Tosti rode the wave for as long as he could, but as the pachuco boogie scene petered out and the mambo and rock crazes of the ’50s gathered steam, he returned to his first love: jazz. Tosti recorded a few more records under his own name, and worked steadily as an arranger for various bands and TV shows throughout the decade. Perhaps the highpoint of his post-pachuco career came when he worked as a bassist on two of Perez Prado’s best-selling albums, Voodoo Suite and Havana 3am. That’s Tosti you see silhouetted with a stand-up bass on one of the album covers, and he helped arrange much of the music as well. Later, Tosti retired and moved from LA to Palm Springs, where he now lives, not far from his own plaque on the desert city’s glitzy Walk of Stars.

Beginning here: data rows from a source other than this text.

(* Let $n\ge 6$ be even. (a) If $d_*$ and $d_*'$ are neighbors with $d_*\ne d_*'$, then $d_*$ and $d_*'$ are determined. (b) A Latin square $L$ of order $n$ with inner distance $\frac n2-1$ is a row product if and only if there exists $i\in[1,n-1]$ such that rows $i$ and $i+1$ of $L$ have the same difference row.
   Context: Symbols are $[1,n]$; $\mathrm{dist}(a,b)$ is the minimum of the residues of $a-b$ and $b-a$ mod $n$ (in $[0,n-1]$). A Latin row is a permutation $(s_1,\dots,s_n)$ of $[1,n]$; its inner distance is $\min_j\mathrm{dist}(s_j,s_{j+1})$; its difference row is $(h_1,\dots,h_{n-1})$ with $h_j\in[0,n-1]$, $h_j\equiv s_{j+1}-s_j\pmod n$, and its extended difference row is $d_*=(\epsilon_1,\dots,\epsilon_{n-1},h)$ with $\epsilon_j=h_j-\frac n2$ and $h=h_n-\frac n2$, where $h_n\in[0,n-1]$, $h_n\equiv s_1-s_n\pmod n$. A Latin rectangle is a matrix over $[1,n]$ with no repeats in rows or columns; its inner distance is the minimum of $\mathrm{dist}$ over symbols in horizontally or vertically adjacent cells. Two extended difference rows $d_*=(\epsilon_j)$ and $d_*'=(\epsilon'_j)$ of Latin rows of inner distance $\frac n2-1$ are neighbors if there are Latin rows $r,r'$ with these extended difference rows such that the $2\times n$ matrix with rows $r,r'$ is a Latin rectangle of inner distance $\frac n2-1$. They are determined if there exist $1\le j_1<j_2\le n$ with $\left|\sum_{j=j_1}^{j_2-1}(\epsilon'_j-\epsilon_j)\right|=2$. For a Latin square $L=(m_{i,j})$, $H$ is the $n\times(n-1)$ matrix with $h_{i,j}\equiv m_{i,j+1}-m_{i,j}$ and $V$ the $(n-1)\times n$ matrix with $v_{i,j}\equiv m_{i+1,j}-m_{i,j}$ (mod $n$, in $[0,n-1]$). A row product is a Latin square obtained by adding a constant mod $n$ to all entries of $\mathrm{prod}(d,d')$, the $n\times n$ matrix with $1$ in cell $(1,1)$ whose $H$ has every row equal to a difference row $d$ and whose $V$ has every column equal to a difference row $d'$. *)

theory Defs
  imports Main
begin

text \<open>Symbols are 1..n; rows/matrices are functions with 1-based indices.
  Matrices M :: nat => nat => nat, entry M i j in row i, column j.\<close>

definition sdist :: "nat \<Rightarrow> nat \<Rightarrow> nat \<Rightarrow> nat" where
  "sdist n a b = nat (min ((int a - int b) mod int n) ((int b - int a) mod int n))"

definition latin_row :: "nat \<Rightarrow> (nat \<Rightarrow> nat) \<Rightarrow> bool" where
  "latin_row n s \<longleftrightarrow> bij_betw s {1..n} {1..n}"
lemma cdim_monogenic_x:
  assumes "t \<le> n"
  shows "cdim (monogenic_x k i n) = 2 * (n - t + 1)"
proof -
  define P where "P = {(j, m). j < (2::nat) \<and> deg m = n \<and> expo i m = t}"
  define b where "b p = monogenic_extension k i t n (\<lambda>j m. if (j, m) = p then 1 else 0)" for p
  have P_eq: "P = {0, 1} \<times> {m. deg m = n \<and> expo i m = t}"
    by (auto simp: P_def)
  have "finite {m. deg m = n \<and> expo i m = t}"
    using card_deg_expo_eq[OF i assms] by (intro card_ge_0_finite) simp
  then have fin: "finite P"
    by (simp add: P_eq)
  have card: "card P = 2 * (n - t + 1)"
    by (simp add: P_eq card_cartesian_product card_deg_expo_eq[OF i assms])
  have b_layer: "expo i m = t \<Longrightarrow> b p j m = (if (j, m) = p \<and> (j, m) \<in> P then 1 else 0)" for p j m
    by (auto simp: b_def monogenic_extension_layer P_def)
  have b_in: "b ` P \<subseteq> monogenic_x k i n"
    by (auto simp: b_def monogenic_extension_in_monogenic_x)
  have dual: "b p (fst q) (snd q) = (if p = q then 1 else 0)" if "p \<in> P" "q \<in> P" for p q
  proof -
    have "expo i (snd q) = t"
      using that(2) by (cases q) (simp add: P_def)
    then show ?thesis
      using that b_layer[of "snd q" p "fst q"] by auto
  qed
  have "F \<in> spin.span (b ` P)" if F: "F \<in> monogenic_x k i n" for F
  proof -
    define S where "S = (\<Sum>p\<in>P. cscale (F (fst p) (snd p)) (b p))"
    have S_span: "S \<in> spin.span (b ` P)"
      unfolding S_def by (intro spin.span_sum spin.span_scale spin.span_base) auto
    have "F - S = 0"
    proof (rule monogenic_x_eq_0_if_layer_vanishes)
      show "F - S \<in> monogenic_x k i n"
        using S_span spin.span_minimal[OF b_in subspace_monogenic_x] F
        by (blast intro: spin.subspace_diff[OF subspace_monogenic_x])
      fix j m assume m: "expo i m = t"
      have "S j m = (\<Sum>p\<in>P. F (fst p) (snd p) * b p j m)"
        by (simp add: S_def sum_fun_apply cscale_def)
      also have "\<dots> = (\<Sum>p\<in>P. if p = (j, m) then F j m else 0)"
        using m by (intro sum.cong) (auto simp: b_layer)
      also have "\<dots> = F j m"
      proof -
        have "F j m \<noteq> 0 \<Longrightarrow> j < 2 \<and> deg m = n"
          using F unfolding monogenic_x_iff by blast
        then show ?thesis
          using fin m by (auto simp: P_def)
      qed
      finally show "(F - S) j m = 0" by simp
    qed
    then show ?thesis using S_span by simp
  qed
  then have "cdim (monogenic_x k i n) = card (b ` P)"
    unfolding cdim_def
    using independent_if_dual_points(2)[OF fin dual] b_in by (intro spin.dim_unique) auto
  also have "\<dots> = 2 * (n - t + 1)"
    using card_image[OF independent_if_dual_points(1)[OF fin dual]] card by simp
  finally show ?thesis .
qed

end

lemma monogenic_x_subset_zero:
  assumes "i \<in> {1,2,3}" and "enat n < t_param (k i)"
  shows "monogenic_x k i n \<subseteq> {0}"
proof
  fix F assume F: "F \<in> monogenic_x k i n"
  have "F j m = 0" for j m
  proof (rule ccontr)
    assume nz: "F j m \<noteq> 0"
    then have "deg m = n"
      using F unfolding monogenic_x_def monogenic_def spin_hom_def by blast
    have "t_param (k i) \<le> enat (expo i m)"
      using F nz unfolding monogenic_x_def by blast
    also have "\<dots> \<le> enat n"
      using expo_le_deg[OF assms(1), of m] \<open>deg m = n\<close> by simp
    finally show False
      using assms(2) by simp
  qed
  then show "F \<in> {0}" by (simp add: fun_eq_iff)
qed

theorem proposition3p3:
  fixes k :: "nat \<Rightarrow> real" and n i :: nat
  assumes "i \<in> {1, 2, 3}"
  shows "(enat n < t_param (k i) \<longrightarrow> cdim (monogenic_x k i n) = 0) \<and>
         (t_param (k i) \<le> enat n \<longrightarrow>
            cdim (monogenic_x k i n) = 2 * (n - the_enat (t_param (k i)) + 1))"
proof (intro conjI impI)
  assume "enat n < t_param (k i)"
  then show "cdim (monogenic_x k i n) = 0"
    using cdim_eq_0 monogenic_x_subset_zero[OF assms] by blast
next
  assume "t_param (k i) \<le> enat n"
  then obtain t where t: "t_param (k i) = enat t" and "t \<le> n"
    by (cases "t_param (k i)") auto
  then show "cdim (monogenic_x k i n) = 2 * (n - the_enat (t_param (k i)) + 1)"
    using cdim_monogenic_x[where k = k and i = i, OF assms t] by simp
qed

end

Now, decades after the youthful, freewheeling recording sessions of the Pachuco era, Tosti says he’s delighted to see his old songs back in print, and to have them appreciated by a new generation of music fans. He looks to the success of old-timers like Ruben Gonzales in Cuba after the release of the various Buena Vista Social Club albums and wonders if a similar revival of LA’s Latin blues scene might also be around the corner. “It’s very flattering,” he laughs, “especially after being dormant for so many years. You know, Lalo Guerrero is still appearing in the zoot suits and singing the songs, and he’s 85 years old. I can’t do that — I did it when I was young, and I did it well. But that was how I heard music, how I wrote it, and how I recorded it. So I’m glad that people are becoming aware that the Mexicans had that kind of influence and had high-class swing. Just listen to it: it may be a 52 year-old song, but it swings its ass, baby! It’s sure better than a lot of the shit they’re doing now!”